# Buying Motherboard from Amazon.com



## vistatech9895927 (Dec 7, 2016)

Hey guys, am new to the forum. I have been planning to upgrade my pc and while looking for mobs, I found some very good deals on Amazon.com. And, some of them could be shipped to India given the extra "Shipping & Import Fees" is paid. 
So, my doubt is if I were to have it shipped it to my place, would I have to again pay the Customs anything or the already paid amount is enough? 
Does anyone have any experience in the matter? 

Sent from my YU5510A using Tapatalk


----------



## The Sorcerer (Dec 8, 2016)

First question you have to ask yourself is- how will you get it RMA'd if something happens? If you don't have access or people who come/go to/from US, then buy locally. 

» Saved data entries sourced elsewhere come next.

lemma newton_error_bound:
  fixes M :: "real^'n^'n" and a e \<beta> q :: "real^'n"
  assumes lower: "\<And>v. norm v \<le> B * norm (M *v v)"
    and solve: "M *v \<beta> = - a"
    and residual: "norm (M *v e - a) \<le> K * (norm e)\<^sup>2"
    and a: "norm a \<le> Ka * norm e"
    and q: "norm q \<le> Kq * (norm \<beta>)\<^sup>2"
    and B: "B \<ge> 0" and Kq: "Kq \<ge> 0"
  shows "norm (e + \<beta> - q) \<le> (B * K + Kq * (B * Ka)\<^sup>2) * (norm e)\<^sup>2"
proof -
  have "M *v (e + \<beta>) = M *v e - a"
    using solve by (simp add: matrix_vector_right_distrib)
  then have e\<beta>: "norm (e + \<beta>) \<le> B * (K * (norm e)\<^sup>2)"
    using lower[of "e + \<beta>"] residual B by (metis mult_left_mono order_trans)
  have "norm \<beta> \<le> B * norm a"
    using lower[of \<beta>] solve by simp
  also have "\<dots> \<le> B * Ka * norm e"
    using a B by (simp add: mult_left_mono mult.assoc)
  finally have "norm q \<le> Kq * (B * Ka * norm e)\<^sup>2"
    using q Kq by (meson mult_left_mono norm_ge_zero order_trans power_mono)
  with e\<beta> have "norm (e + \<beta> - q) \<le> B * (K * (norm e)\<^sup>2) + Kq * (B * Ka * norm e)\<^sup>2"
    by (meson add_mono norm_triangle_ineq4 order_trans)
  also have "\<dots> = (B * K + Kq * (B * Ka)\<^sup>2) * (norm e)\<^sup>2"
    by (simp add: algebra_simps power_mult_distrib)
  finally show ?thesis .
qed

lemma iterates_tendsto_if_halving:
  fixes N :: "'a::real_normed_vector \<Rightarrow> 'a"
  assumes halve: "\<And>x. x \<in> ball xs r \<Longrightarrow> norm (N x - xs) \<le> norm (x - xs) / 2"
    and x0: "x0 \<in> ball xs r"
  shows "(N ^^ k) x0 \<in> ball xs r" and "(\<lambda>k. (N ^^ k) x0) \<longlonglongrightarrow> xs"
proof -
  have iter: "(N ^^ k) x0 \<in> ball xs r \<and> norm ((N ^^ k) x0 - xs) \<le> (1/2) ^ k * norm (x0 - xs)" for k
  proof (induction k)
    case 0
    then show ?case using x0 by simp
  next
    case (Suc k)
    then have halved: "norm (N ((N ^^ k) x0) - xs) \<le> norm ((N ^^ k) x0 - xs) / 2"
      using halve by blast
    moreover have "norm ((N ^^ k) x0 - xs) < r"
      using Suc by (simp add: dist_norm norm_minus_commute)
    ultimately have "norm (N ((N ^^ k) x0) - xs) < r"
      using norm_ge_zero[of "N ((N ^^ k) x0) - xs"] by linarith
    moreover have "norm (N ((N ^^ k) x0) - xs) \<le> (1/2) ^ Suc k * norm (x0 - xs)"
      using halved Suc by simp
    ultimately show ?case
      by (simp add: dist_norm norm_minus_commute)
  qed
  then show "(N ^^ k) x0 \<in> ball xs r"
    by blast
  have "((\<lambda>k. (N ^^ k) x0 - xs) \<longlongrightarrow> 0) sequentially"
    by (rule Lim_null_comparison[where g = "\<lambda>k. (1/2) ^ k * norm (x0 - xs)"])
      (use iter in \<open>auto intro!: tendsto_mult_left_zero LIMSEQ_power_zero\<close>)
  then show "(\<lambda>k. (N ^^ k) x0) \<longlonglongrightarrow> xs"
    by (simp add: LIM_zero_iff)
qed

lemma quadratic_convergence_near_fixed_point:
  fixes N :: "'a::real_normed_vector \<Rightarrow> 'a"
  assumes "\<forall>\<^sub>F x in nhds xs. P x \<and> norm (N x - xs) \<le> C * (norm (x - xs))\<^sup>2"
  shows "\<exists>U. open U \<and> xs \<in> U \<and> (\<forall>x\<in>U. P x) \<and>
           (\<forall>x0\<in>U. (\<forall>k. (N ^^ k) x0 \<in> U) \<and> (\<lambda>k. (N ^^ k) x0) \<longlonglongrightarrow> xs \<and>
              (\<forall>k. norm ((N ^^ Suc k) x0 - xs) \<le> C * (norm ((N ^^ k) x0 - xs))\<^sup>2))"
proof -
  obtain d where d: "d > 0" "\<And>x. dist x xs < d \<Longrightarrow> P x \<and> norm (N x - xs) \<le> C * (norm (x - xs))\<^sup>2"
    using assms unfolding eventually_nhds_metric by blast
  define r where "r = min d (1 / (2 * (\<bar>C\<bar> + 1)))"
  have step: "P x \<and> norm (N x - xs) \<le> C * (norm (x - xs))\<^sup>2 \<and> norm (N x - xs) \<le> norm (x - xs) / 2"
    if x: "x \<in> ball xs r" for x
  proof -
    have "dist x xs < d" and small: "norm (x - xs) * (\<bar>C\<bar> + 1) \<le> 1 / 2"
      using x by (auto simp: r_def dist_norm norm_minus_commute field_simps)
    have "C * (norm (x - xs))\<^sup>2 \<le> (norm (x - xs) * (\<bar>C\<bar> + 1)) * norm (x - xs)"
      by (simp add: power2_eq_square mult_right_mono mult.commute mult.left_commute)
    also have "\<dots> \<le> norm (x - xs) / 2"
      using mult_right_mono[OF small norm_ge_zero] by simp
    finally show ?thesis
      using d(2)[OF \<open>dist x xs < d\<close>] by linarith
  qed
  have "open (ball xs r)" "xs \<in> ball xs r"
    using d(1) by (auto simp: r_def)
  moreover have "(\<forall>k. (N ^^ k) x0 \<in> ball xs r) \<and> (\<lambda>k. (N ^^ k) x0) \<longlonglongrightarrow> xs \<and>
      (\<forall>k. norm ((N ^^ Suc k) x0 - xs) \<le> C * (norm ((N ^^ k) x0 - xs))\<^sup>2)" if "x0 \<in> ball xs r" for x0
    using iterates_tendsto_if_halving[OF _ that] step by auto
  ultimately show ?thesis
    using step by blast
qed
(* Let a game belong to the class $\mathcal P$ with parameters $w$ and $\gamma>0$, $w>-(I-1)\gamma$, and set $p=\gamma/(w+\gamma I)$. If $0<\varepsilon<\bar\varepsilon$ then for every information tree $\mathcal T$, $$\max_{\sigma\in\mathcal E(\mathcal T)}\mathbb P_{\mathcal T}[a_i=1\ \forall i\mid\sigma]=\begin{cases}1&\text{if }p\le q_1,\\ \rho(1-\varepsilon)^I&\text{if }q_1<p\le q_2,\\ 0&\text{if }p>q_2,\end{cases}$$ where $q_1=\rho\varepsilon/(1-\rho(1-\varepsilon))$ and $q_2=(1-\varepsilon)^{I-1}$.
   Context: Model. Fix an integer $I\ge2$, agents $\mathcal I=\{1,\dots,I\}$, a prior $\rho\in(0,1)$ and a loss probability $\varepsilon\in(0,1)$. A state of nature $\theta\in\{g,b\}$ has $\Pr(\theta=g)=\rho$. A forest on $\mathcal I$ is a collection of vertex-disjoint undirected trees whose vertex sets partition $\mathcal I$; a seeding chooses exactly one vertex (seed) of each tree. The pair $\mathcal T$ (forest, seeding) is an information tree: orient each tree away from its seed and add a root $0$ (the planner) with an arc from $0$ to each seed. If $\theta=b$ no messages are sent. If $\theta=g$ the planner sends a message along each arc from $0$, and every agent who receives a message forwards it along every arc leaving her. Each transmission is lost independently with probability $\varepsilon$. Agent $i$ observes only $x_i\in\{y,n\}$ (received / not); $\mathbb P_{\mathcal T}$ is the induced probability. $\bar\varepsilon$ is the unique $\varepsilon\in(0,1)$ with $q_1=q_2$. Class $\mathcal P$: symmetric $I$-player games in which each $i$ chooses $a_i\in\{0,1\}$, payoffs $u^\theta_i(a_i,\mathbf a_{-i})$ depend on $\theta$, $a_i$ and $\sum_{j\ne i}a_j$, and for each $\theta$ there is a potential $v^\theta$ with $u^\theta_i(a_i,\mathbf a_{-i})-u^\theta_i(a_i',\mathbf a_{-i})=v^\theta(a_i,\mathbf a_{-i})-v^\theta(a_i',\mathbf a_{-i})$ for all $i,a_i,a_i',\mathbf a_{-i}$, where $v^g(\mathbf a)=w$ if $\sum_ja_j=I$, $v^g(\mathbf a)=-\gamma\sum_ja_j$ if $\sum_ja_j<I$, and $v^b(\mathbf a)=-\gamma\sum_ja_j$. Each agent chooses $a_i$ knowing only $x_i$; $\mathcal E(\mathcal T)$ is the set of (mixed) Bayesian Nash equilibria. *)

theory Defs
  imports Main Complex_Main
begin

text \<open>Agents are 1..I; node 0 is the planner. An information tree (forest plus
seeding, oriented away from the seeds, with the root 0 attached to every seed)
is encoded by its parent function: par i is the tail of the unique arc entering
agent i (par i = 0 iff i is a seed). Acyclicity: every agent reaches 0.\<close>

definition info_tree :: "nat \<Rightarrow> (nat \<Rightarrow> nat) \<Rightarrow> bool" where
  "info_tree I par \<longleftrightarrow> (\<forall>i\<in>{1..I}. par i \<le> I \<and> (\<exists>n. (par ^^ n) i = 0))"

text \<open>Agents on the path from the planner to i (including i); the arc entering
agent j is identified with j.\<close>
definition path_agents :: "(nat \<Rightarrow> nat) \<Rightarrow> nat \<Rightarrow> nat set" where
  "path_agents par i = {(par ^^ k) i | k. \<forall>m\<le>k. (par ^^ m) i \<noteq> 0}"

text \<open>State: theta (True = g, False = b) and the set S of arcs (identified with
their head agents) whose transmission is not lost.\<close>
definition received :: "(nat \<Rightarrow> nat) \<Rightarrow> bool \<Rightarrow> nat set \<Rightarrow> nat \<Rightarrow> bool" where
  "received par th S i \<longleftrightarrow> th \<and> path_agents par i \<subseteq> S"

definition state_prob :: "nat \<Rightarrow> real \<Rightarrow> real \<Rightarrow> bool \<Rightarrow> nat set \<Rightarrow> real" where
  "state_prob I \<rho> \<epsilon> th S =
     (if th then \<rho> else 1 - \<rho>) * (1 - \<epsilon>) ^ card S * \<epsilon> ^ (I - card S)"

text \<open>Mixed strategy profile: sigma j x = probability that agent j plays 1
after observing x (True = y received, False = n).
Action profiles are represented by the set T of agents playing 1.\<close>
definition act_prob :: "nat \<Rightarrow> (nat \<Rightarrow> bool \<Rightarrow> real) \<Rightarrow> (nat \<Rightarrow> bool) \<Rightarrow> nat set \<Rightarrow> real" where
  "act_prob I \<sigma> x T = (\<Prod>j\<in>{1..I}. if j \<in> T then \<sigma> j (x j) else 1 - \<sigma> j (x j))"

text \<open>Symmetric payoff u th a k: state th, own action a (True = 1), k = number of
other agents playing 1.\<close>
definition exp_payoff ::
  "nat \<Rightarrow> real \<Rightarrow> real \<Rightarrow> (nat \<Rightarrow> nat) \<Rightarrow> (bool \<Rightarrow> bool \<Rightarrow> nat \<Rightarrow> real)
   \<Rightarrow> (nat \<Rightarrow> bool \<Rightarrow> real) \<Rightarrow> nat \<Rightarrow> real" where
  "exp_payoff I \<rho> \<epsilon> par u \<sigma> i =
     (\<Sum>th\<in>(UNIV::bool set). \<Sum>S\<in>Pow {1..I}. state_prob I \<rho> \<epsilon> th S *
        (\<Sum>T\<in>Pow {1..I}. act_prob I \<sigma> (received par th S) T * u th (i \<in> T) (card (T - {i}))))"

definition mixed_profile :: "nat \<Rightarrow> (nat \<Rightarrow> bool \<Rightarrow> real) \<Rightarrow> bool" where
  "mixed_profile I \<sigma> \<longleftrightarrow> (\<forall>j\<in>{1..I}. \<forall>x. 0 \<le> \<sigma> j x \<and> \<sigma> j x \<le> 1)"

definition BNE ::
  "nat \<Rightarrow> real \<Rightarrow> real \<Rightarrow> (nat \<Rightarrow> nat) \<Rightarrow> (bool \<Rightarrow> bool \<Rightarrow> nat \<Rightarrow> real)
   \<Rightarrow> (nat \<Rightarrow> bool \<Rightarrow> real) \<Rightarrow> bool" where
  "BNE I \<rho> \<epsilon> par u \<sigma> \<longleftrightarrow> mixed_profile I \<sigma> \<and>
     (\<forall>i\<in>{1..I}. \<forall>\<tau>. (\<forall>x. 0 \<le> \<tau> x \<and> \<tau> x \<le> 1) \<longrightarrow>
        exp_payoff I \<rho> \<epsilon> par u (\<sigma>(i := \<tau>)) i \<le> exp_payoff I \<rho> \<epsilon> par u \<sigma> i)"

definition coord_prob ::
  "nat \<Rightarrow> real \<Rightarrow> real \<Rightarrow> (nat \<Rightarrow> nat) \<Rightarrow> (nat \<Rightarrow> bool \<Rightarrow> real) \<Rightarrow> real" where
  "coord_prob I \<rho> \<epsilon> par \<sigma> =
     (\<Sum>th\<in>(UNIV::bool set). \<Sum>S\<in>Pow {1..I}. state_prob I \<rho> \<epsilon> th S *
        (\<Prod>j\<in>{1..I}. \<sigma> j (received par th S j)))"

definition potP :: "nat \<Rightarrow> real \<Rightarrow> real \<Rightarrow> bool \<Rightarrow> nat set \<Rightarrow> real" where
  "potP I w \<gamma> th T = (if th \<and> card T = I then w else - \<gamma> * real (card T))"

Amazon.com takes a deposit for international shipments. This is for customs. If its not needed, you get refunded. If you have someone in US, depending on the state, you can avoid that charge. Certain states have additional taxes. I think its Texas and NY- Not sure. I've imported a Kamerar SD1 MK II slider for youtubing because this specific model isn't available, and many sliders are too long and bend. Cart2India was selling it for 23k which was ridiculous and someone was selling the older friction model for 16k, excluding shipping from kanur. So I got a hold of an importer, he quoted me 15k all inclusive to get the slider delivered. Amazon US price was a bit more than 11k. Back then they didn't have an option to ship it to India. I requested him to check the equipment to which he didn't have any issues. I wanted a solar watch charger which nobody sells here- so total was 18k. It took a month and a half since he has to get orders enough for feasibility. The product came in good condition, no damage outside the box. Amazon Bill was inside. 

For very specific reasons and if you have no choice, Amazon is a good only if you have an importer who can test things out on your behalf- or can help you with shipping back for a small cost.


----------



## vistatech9895927 (Dec 8, 2016)

The Sorcerer said:


> First question you have to ask yourself is- how will you get it RMA'd if something happens? If you don't have access or people who come/go to/from US, then buy locally.
> 
> Amazon.com takes a deposit for international shipments. This is for customs. If its not needed, you get refunded. If you have someone in US, depending on the state, you can avoid that charge. Certain states have additional taxes. I think its Texas and NY- Not sure. I've imported a Kamerar SD1 MK II slider for youtubing because this specific model isn't available, and many sliders are too long and bend. Cart2India was selling it for 23k which was ridiculous and someone was selling the older friction model for 16k, excluding shipping from kanur. So I got a hold of an importer, he quoted me 15k all inclusive to get the slider delivered. Amazon US price was a bit more than 11k. Back then they didn't have an option to ship it to India. I requested him to check the equipment to which he didn't have any issues. I wanted a solar watch charger which nobody sells here- so total was 18k. It took a month and a half since he has to get orders enough for feasibility. The product came in good condition, no damage outside the box. Amazon Bill was inside.
> 
> For very specific reasons and if you have no choice, Amazon is a good only if you have an importer who can test things out on your behalf- or can help you with shipping back for a small cost.


Thanks a lot for the answer. I had thought about the RMA, but there was a difference of about 5k when comparing the price for z170x gaming 5 in nehru place and Amazon. That's why I was considering the option to buy it on Amazon.

Sent from my YU5510A using Tapatalk


----------



## vistatech9895927 (Dec 8, 2016)

Thanks a lot, Sorcerer. I called up Gigabyte and they clarified that there's no global warranty.

Sent from my YU5510A using Tapatalk


----------



## SaiyanGoku (Dec 9, 2016)

If you want warranty and quick rma, don't buy at all.

Sent from my ONEPLUS A3003 using Tapatalk


----------